I think based on past experience, they’re likely to take either the first or last option, launching season 4 on April 16 or launching “all raids are Fated” on July 2 and 11.0 a week later, on July 9, which would have the same result.
(Image credit: Blizzard)
I think that for a couple of reasons: One, those choices require the least adjustment internally. Two, representatives said in the interview that the “fated” rotation this time would be “the raid rotation that people are used to”–which granted, could just mean the 1-2-3 weekly rotation, but might also mean the number of rotations overall.
And finally, based on past interviews and conversations, the company really likes a six-week length for its pre-expansion patches when possible. That would mean that either of these options would put the launch for The War Within on August 20. August 15 has been a popular internal launch target date for Warcraft expansions in the past, though frequently Blizzard has blown wildly past those internal deadlines.

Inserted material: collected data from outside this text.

lemma interior_flat_max_if_merge_at:
  fixes x :: "nat \<Rightarrow> 'l::linorder"
  assumes "merge_at N x l"
  shows "interior_flat_max N x l"
proof -
  obtain C1 C2 D where C: "idx_component (sublevel_set N x l) C1"
      "idx_component (sublevel_set N x l) C2" "C1 \<noteq> C2"
    and D: "idx_component (sublevel_set N x l \<union> level_set N x l) D" "C1 \<subseteq> D" "C2 \<subseteq> D"
    using assms unfolding merge_at_def by blast
  have disj: "C1 \<inter> C2 = {}"
    using idx_components_disjoint[OF C] .
  obtain i j where "i \<in> C1" "j \<in> C2"
    using idx_componentD(2)[OF C(1)] idx_componentD(2)[OF C(2)] by blast
  with disj consider "i < j" | "j < i"
    by (metis disjoint_iff linorder_neqE_nat)
  then show ?thesis
  proof cases
    case 1
    with C D disj \<open>i \<in> C1\<close> \<open>j \<in> C2\<close> show ?thesis
      by (intro interior_flat_max_if_joined[of N x l C1 C2 D i j]) auto
  next
    case 2
    with C D disj \<open>i \<in> C1\<close> \<open>j \<in> C2\<close> show ?thesis
      by (intro interior_flat_max_if_joined[of N x l C2 C1 D j i]) auto
  qed
qed

lemma merge_at_if_interior_flat_max:
  fixes x :: "nat \<Rightarrow> 'l::linorder"
  assumes "interior_flat_max N x l"
  shows "merge_at N x l"
proof -
  obtain a b where ab: "Suc a < b" "b < N" "x a < l" "x b < l"
    and run: "\<forall>k. a < k \<and> k < b \<longrightarrow> x k = l"
    using assms unfolding interior_flat_max_iff by blast
  let ?A = "sublevel_set N x l" and ?B = "sublevel_set N x l \<union> level_set N x l"
  have "a \<in> ?A" "b \<in> ?A"
    using ab by (auto simp: sublevel_set_def)
  then obtain C1 C2 where C1: "idx_component ?A C1" "a \<in> C1" and C2: "idx_component ?A C2" "b \<in> C2"
    using idx_component_containing[of "{a}" ?A] idx_component_containing[of "{b}" ?A]
    by (auto simp: order_convex_def)
  have "{a..b} \<subseteq> ?B"
    using ab run by (fastforce simp: sublevel_set_def level_set_def order.order_iff_strict)
  then obtain D where D: "idx_component ?B D" "{a..b} \<subseteq> D"
    using idx_component_containing[of "{a..b}" ?B] ab by (auto simp: order_convex_def)
  have "a \<in> D" "b \<in> D"
    using D(2) ab(1) by auto
  then have "C1 \<subseteq> D" "C2 \<subseteq> D"
    using idx_component_subset_component[OF C1(1) Un_upper1 D(1) C1(2)]
      idx_component_subset_component[OF C2(1) Un_upper1 D(1) C2(2)] by blast+
  moreover have "C1 \<noteq> C2"
  proof
    assume "C1 = C2"
    with C1 C2 have "{a..b} \<subseteq> C1"
      using idx_componentD(3)[OF C1(1)] unfolding order_convex_def by blast
    moreover have "Suc a \<in> {a..b}"
      using ab(1) by simp
    ultimately have "Suc a \<in> ?A"
      using idx_componentD(1)[OF C1(1)] by blast
    with run ab show False
      by (auto simp: sublevel_set_def)
  qed
  ultimately show ?thesis
    unfolding merge_at_def using C1(1) C2(1) D(1) by blast
qed

theorem mainTheorem5:
  fixes N :: nat and x :: "nat \<Rightarrow> 'l::{linorder,finite}" and l :: 'l
  assumes surj: "x ` {..<N} = UNIV"
  shows "merge_at N x l \<longleftrightarrow> interior_flat_max N x l"
  using interior_flat_max_if_merge_at merge_at_if_interior_flat_max
  by blast

end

Lately, however, they’ve been keeping to their schedules in a remarkable way. And last fall, Blizzard executives corrected me when I noted that folks had been predicting a “fall” release for The War Within and that fall started on September 22 this year. I was told dismissively it would not be that late–so an August launch feels likely.
Given that some pre-sale versions of the game give three days of early access to players of The War Within, that would put players in the new expansion on Saturday, August 17, darned close to that perennial August 15 target.
Is August 20 the right prediction? Time will tell. After all, launching a new season like season 4 three weeks after a patch launch date, or attached to a typically-tiny .6 patch, is somewhat unusual behavior, and caused me to have to revise many of my normal internal timelines. But if it’s not that Tuesday, it’s highly likely to be close to it, unless Blizzard takes steps to change the game… again.